Saved entries

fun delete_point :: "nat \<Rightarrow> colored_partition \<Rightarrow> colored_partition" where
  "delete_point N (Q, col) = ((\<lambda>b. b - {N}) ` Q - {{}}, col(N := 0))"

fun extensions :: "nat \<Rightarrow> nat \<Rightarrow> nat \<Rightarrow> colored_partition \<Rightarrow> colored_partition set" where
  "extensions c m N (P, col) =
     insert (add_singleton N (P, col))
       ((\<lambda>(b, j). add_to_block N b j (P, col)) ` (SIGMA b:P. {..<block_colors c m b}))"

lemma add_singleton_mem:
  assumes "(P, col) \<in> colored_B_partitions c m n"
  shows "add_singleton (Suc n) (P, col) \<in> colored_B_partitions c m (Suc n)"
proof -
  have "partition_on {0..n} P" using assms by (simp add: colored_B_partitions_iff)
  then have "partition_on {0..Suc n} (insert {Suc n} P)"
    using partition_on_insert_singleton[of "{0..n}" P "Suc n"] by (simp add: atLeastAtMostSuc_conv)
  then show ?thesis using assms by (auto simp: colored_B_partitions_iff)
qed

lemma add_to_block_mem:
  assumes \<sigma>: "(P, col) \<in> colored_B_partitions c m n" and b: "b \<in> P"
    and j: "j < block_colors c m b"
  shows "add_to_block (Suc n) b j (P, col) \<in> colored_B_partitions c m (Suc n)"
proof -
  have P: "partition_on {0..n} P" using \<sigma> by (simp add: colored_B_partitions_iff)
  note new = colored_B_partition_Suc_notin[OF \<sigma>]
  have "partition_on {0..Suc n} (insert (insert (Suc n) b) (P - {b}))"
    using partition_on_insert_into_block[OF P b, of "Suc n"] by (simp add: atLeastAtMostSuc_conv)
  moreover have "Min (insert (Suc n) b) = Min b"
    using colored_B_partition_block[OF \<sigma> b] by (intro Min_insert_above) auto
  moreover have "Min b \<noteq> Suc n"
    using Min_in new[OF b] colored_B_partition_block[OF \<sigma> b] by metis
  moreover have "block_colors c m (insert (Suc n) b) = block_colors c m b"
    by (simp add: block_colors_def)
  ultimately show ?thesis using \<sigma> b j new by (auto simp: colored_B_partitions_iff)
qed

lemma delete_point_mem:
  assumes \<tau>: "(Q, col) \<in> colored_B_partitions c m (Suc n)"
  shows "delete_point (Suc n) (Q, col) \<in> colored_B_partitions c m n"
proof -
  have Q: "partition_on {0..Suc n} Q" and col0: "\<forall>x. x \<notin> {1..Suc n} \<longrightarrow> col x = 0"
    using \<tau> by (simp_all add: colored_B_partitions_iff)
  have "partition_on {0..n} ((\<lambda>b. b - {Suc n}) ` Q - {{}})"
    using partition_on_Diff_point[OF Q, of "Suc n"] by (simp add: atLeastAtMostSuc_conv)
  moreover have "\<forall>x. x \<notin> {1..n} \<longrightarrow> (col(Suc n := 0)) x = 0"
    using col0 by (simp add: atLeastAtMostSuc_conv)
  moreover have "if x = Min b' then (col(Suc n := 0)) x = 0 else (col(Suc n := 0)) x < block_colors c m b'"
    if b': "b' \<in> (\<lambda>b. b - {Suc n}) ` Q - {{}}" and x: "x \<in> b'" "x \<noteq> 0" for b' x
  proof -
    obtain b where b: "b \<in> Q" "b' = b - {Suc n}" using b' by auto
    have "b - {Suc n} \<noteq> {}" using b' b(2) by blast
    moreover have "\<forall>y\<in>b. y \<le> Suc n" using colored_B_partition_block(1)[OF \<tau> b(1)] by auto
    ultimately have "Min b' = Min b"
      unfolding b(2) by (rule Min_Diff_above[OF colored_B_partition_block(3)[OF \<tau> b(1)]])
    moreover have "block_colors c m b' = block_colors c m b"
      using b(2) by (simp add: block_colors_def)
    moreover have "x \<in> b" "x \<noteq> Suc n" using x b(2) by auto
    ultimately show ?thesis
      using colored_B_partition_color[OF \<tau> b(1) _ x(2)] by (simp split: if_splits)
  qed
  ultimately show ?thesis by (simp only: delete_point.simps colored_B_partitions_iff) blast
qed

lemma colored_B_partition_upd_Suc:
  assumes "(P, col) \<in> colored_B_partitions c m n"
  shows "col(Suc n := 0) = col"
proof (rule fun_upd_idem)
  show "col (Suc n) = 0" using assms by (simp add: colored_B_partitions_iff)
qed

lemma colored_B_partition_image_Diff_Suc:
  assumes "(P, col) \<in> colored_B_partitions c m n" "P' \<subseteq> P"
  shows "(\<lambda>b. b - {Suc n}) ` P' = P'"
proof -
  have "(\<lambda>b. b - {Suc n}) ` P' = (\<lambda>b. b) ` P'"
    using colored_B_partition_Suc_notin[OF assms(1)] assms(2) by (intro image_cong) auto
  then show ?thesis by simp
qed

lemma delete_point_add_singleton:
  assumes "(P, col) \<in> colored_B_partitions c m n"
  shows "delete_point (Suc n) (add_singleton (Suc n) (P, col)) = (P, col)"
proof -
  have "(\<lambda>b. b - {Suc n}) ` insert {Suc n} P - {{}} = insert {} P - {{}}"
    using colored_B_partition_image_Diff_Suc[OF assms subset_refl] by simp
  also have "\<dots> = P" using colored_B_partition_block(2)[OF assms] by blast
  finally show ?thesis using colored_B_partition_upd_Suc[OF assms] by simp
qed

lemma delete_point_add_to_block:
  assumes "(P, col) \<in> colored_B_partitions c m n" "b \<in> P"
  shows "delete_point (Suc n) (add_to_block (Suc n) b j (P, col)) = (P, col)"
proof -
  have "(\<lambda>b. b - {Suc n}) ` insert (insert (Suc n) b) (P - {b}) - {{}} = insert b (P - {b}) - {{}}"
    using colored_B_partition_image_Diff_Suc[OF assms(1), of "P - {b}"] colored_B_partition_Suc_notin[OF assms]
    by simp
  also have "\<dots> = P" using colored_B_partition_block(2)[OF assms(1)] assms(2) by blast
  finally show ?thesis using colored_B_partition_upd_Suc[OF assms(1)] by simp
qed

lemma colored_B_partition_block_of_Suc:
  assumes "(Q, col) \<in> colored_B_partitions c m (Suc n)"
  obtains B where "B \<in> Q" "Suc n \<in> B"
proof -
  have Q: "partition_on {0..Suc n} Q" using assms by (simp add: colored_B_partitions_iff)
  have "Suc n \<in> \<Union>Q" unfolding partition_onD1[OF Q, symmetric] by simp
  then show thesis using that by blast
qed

---

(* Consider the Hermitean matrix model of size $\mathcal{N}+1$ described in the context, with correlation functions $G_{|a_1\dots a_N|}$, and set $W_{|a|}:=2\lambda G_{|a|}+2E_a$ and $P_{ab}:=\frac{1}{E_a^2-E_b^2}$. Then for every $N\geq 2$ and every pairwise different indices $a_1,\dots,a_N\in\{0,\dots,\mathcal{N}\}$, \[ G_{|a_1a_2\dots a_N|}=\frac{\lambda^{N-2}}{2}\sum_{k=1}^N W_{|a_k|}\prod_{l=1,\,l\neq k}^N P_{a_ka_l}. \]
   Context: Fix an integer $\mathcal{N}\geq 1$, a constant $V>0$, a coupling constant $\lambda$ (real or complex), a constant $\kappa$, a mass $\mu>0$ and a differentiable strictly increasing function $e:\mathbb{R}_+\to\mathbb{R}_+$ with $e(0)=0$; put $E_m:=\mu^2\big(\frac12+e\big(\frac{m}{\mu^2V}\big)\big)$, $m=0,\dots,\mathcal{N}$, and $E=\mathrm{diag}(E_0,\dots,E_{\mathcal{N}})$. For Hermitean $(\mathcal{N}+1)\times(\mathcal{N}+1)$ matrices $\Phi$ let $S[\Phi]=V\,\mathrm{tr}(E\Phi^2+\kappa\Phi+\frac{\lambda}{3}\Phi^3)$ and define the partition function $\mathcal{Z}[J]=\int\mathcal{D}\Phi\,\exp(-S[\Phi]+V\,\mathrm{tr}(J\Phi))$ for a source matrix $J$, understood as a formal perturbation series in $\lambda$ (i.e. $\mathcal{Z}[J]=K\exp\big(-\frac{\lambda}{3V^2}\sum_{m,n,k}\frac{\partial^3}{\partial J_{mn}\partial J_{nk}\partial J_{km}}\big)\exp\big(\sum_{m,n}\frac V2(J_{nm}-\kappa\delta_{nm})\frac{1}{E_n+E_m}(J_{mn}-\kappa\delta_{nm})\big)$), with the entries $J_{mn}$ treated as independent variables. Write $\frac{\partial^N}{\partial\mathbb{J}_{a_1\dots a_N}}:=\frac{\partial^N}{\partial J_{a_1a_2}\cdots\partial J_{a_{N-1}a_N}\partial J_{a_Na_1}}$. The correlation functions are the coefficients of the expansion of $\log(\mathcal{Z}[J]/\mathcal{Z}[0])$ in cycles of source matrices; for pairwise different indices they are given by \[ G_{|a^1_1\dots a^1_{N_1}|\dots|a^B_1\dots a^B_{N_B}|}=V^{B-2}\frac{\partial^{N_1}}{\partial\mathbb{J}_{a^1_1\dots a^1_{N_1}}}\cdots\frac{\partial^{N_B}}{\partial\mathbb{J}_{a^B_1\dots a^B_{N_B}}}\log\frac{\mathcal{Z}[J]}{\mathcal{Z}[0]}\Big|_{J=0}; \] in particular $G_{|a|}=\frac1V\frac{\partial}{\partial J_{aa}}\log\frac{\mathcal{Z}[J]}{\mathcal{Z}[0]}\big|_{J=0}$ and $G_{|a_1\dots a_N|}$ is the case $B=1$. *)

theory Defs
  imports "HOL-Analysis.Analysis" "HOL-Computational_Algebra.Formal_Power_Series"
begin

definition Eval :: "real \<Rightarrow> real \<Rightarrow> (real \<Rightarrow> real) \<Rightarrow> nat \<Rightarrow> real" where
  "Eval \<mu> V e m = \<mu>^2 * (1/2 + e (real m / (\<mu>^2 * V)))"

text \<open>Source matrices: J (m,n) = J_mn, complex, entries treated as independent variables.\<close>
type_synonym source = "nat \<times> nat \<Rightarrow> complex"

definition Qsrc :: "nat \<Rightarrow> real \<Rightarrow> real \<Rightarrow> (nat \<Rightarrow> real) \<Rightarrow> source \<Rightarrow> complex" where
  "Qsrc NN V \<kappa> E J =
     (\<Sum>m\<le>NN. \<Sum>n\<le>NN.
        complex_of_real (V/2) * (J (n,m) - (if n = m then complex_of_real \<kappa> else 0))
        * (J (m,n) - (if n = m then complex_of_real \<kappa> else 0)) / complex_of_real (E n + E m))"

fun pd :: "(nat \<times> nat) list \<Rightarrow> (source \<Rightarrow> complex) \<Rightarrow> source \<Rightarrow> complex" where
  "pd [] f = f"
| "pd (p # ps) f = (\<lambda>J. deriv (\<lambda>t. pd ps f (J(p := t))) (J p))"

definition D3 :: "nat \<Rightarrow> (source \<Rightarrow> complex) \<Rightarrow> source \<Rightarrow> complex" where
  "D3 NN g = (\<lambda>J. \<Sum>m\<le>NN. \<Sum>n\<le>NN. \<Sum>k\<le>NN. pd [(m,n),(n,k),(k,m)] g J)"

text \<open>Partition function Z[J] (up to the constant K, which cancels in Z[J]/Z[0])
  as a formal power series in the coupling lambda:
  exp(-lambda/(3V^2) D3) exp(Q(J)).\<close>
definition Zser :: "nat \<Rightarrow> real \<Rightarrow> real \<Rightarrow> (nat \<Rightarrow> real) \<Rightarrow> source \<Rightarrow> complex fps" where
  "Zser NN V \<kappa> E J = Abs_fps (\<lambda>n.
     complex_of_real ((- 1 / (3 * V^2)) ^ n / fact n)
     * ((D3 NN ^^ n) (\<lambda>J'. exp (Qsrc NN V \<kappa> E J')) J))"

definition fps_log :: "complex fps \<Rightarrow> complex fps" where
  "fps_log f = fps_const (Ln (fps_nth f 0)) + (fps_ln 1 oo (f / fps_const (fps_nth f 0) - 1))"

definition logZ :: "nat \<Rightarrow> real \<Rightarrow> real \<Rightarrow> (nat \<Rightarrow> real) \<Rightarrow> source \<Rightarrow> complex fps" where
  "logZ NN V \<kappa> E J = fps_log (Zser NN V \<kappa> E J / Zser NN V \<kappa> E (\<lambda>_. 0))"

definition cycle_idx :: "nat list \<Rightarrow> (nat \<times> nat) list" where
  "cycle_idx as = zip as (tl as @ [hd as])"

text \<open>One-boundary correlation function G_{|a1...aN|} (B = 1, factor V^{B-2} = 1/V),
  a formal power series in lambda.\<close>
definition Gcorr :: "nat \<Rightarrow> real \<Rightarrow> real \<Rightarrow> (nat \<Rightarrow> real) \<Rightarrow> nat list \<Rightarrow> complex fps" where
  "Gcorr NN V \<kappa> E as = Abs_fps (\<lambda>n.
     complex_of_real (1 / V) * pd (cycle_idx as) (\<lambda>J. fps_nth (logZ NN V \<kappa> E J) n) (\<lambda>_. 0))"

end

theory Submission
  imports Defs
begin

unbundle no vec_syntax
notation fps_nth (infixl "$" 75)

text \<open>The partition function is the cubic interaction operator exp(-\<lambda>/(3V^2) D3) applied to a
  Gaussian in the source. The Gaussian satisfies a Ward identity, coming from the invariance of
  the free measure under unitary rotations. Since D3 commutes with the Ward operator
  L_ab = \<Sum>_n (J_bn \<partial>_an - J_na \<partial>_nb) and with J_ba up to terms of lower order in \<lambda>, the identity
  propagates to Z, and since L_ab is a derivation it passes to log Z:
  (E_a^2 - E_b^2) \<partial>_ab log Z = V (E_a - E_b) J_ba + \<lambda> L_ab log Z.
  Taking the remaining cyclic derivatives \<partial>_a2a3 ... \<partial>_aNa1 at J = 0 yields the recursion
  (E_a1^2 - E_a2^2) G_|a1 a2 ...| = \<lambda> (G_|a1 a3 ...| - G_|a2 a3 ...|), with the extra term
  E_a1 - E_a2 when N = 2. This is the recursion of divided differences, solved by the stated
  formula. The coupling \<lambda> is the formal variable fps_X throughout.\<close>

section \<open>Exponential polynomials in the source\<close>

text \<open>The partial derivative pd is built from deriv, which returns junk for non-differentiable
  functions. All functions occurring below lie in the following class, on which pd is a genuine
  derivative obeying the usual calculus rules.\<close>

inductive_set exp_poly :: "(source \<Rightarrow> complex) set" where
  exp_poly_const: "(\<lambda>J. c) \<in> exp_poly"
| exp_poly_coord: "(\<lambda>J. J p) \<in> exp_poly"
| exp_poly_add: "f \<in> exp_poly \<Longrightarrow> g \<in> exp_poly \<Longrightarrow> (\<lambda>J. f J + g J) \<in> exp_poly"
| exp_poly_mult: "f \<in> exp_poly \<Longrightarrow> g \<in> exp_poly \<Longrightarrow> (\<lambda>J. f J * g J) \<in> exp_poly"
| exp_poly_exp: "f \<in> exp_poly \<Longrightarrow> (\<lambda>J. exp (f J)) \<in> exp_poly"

**PROBLEM TO SOLVE:** Using the records above, count the lines that hold the string "Eval", and give back only the result.

**ANSWER BOX:** 2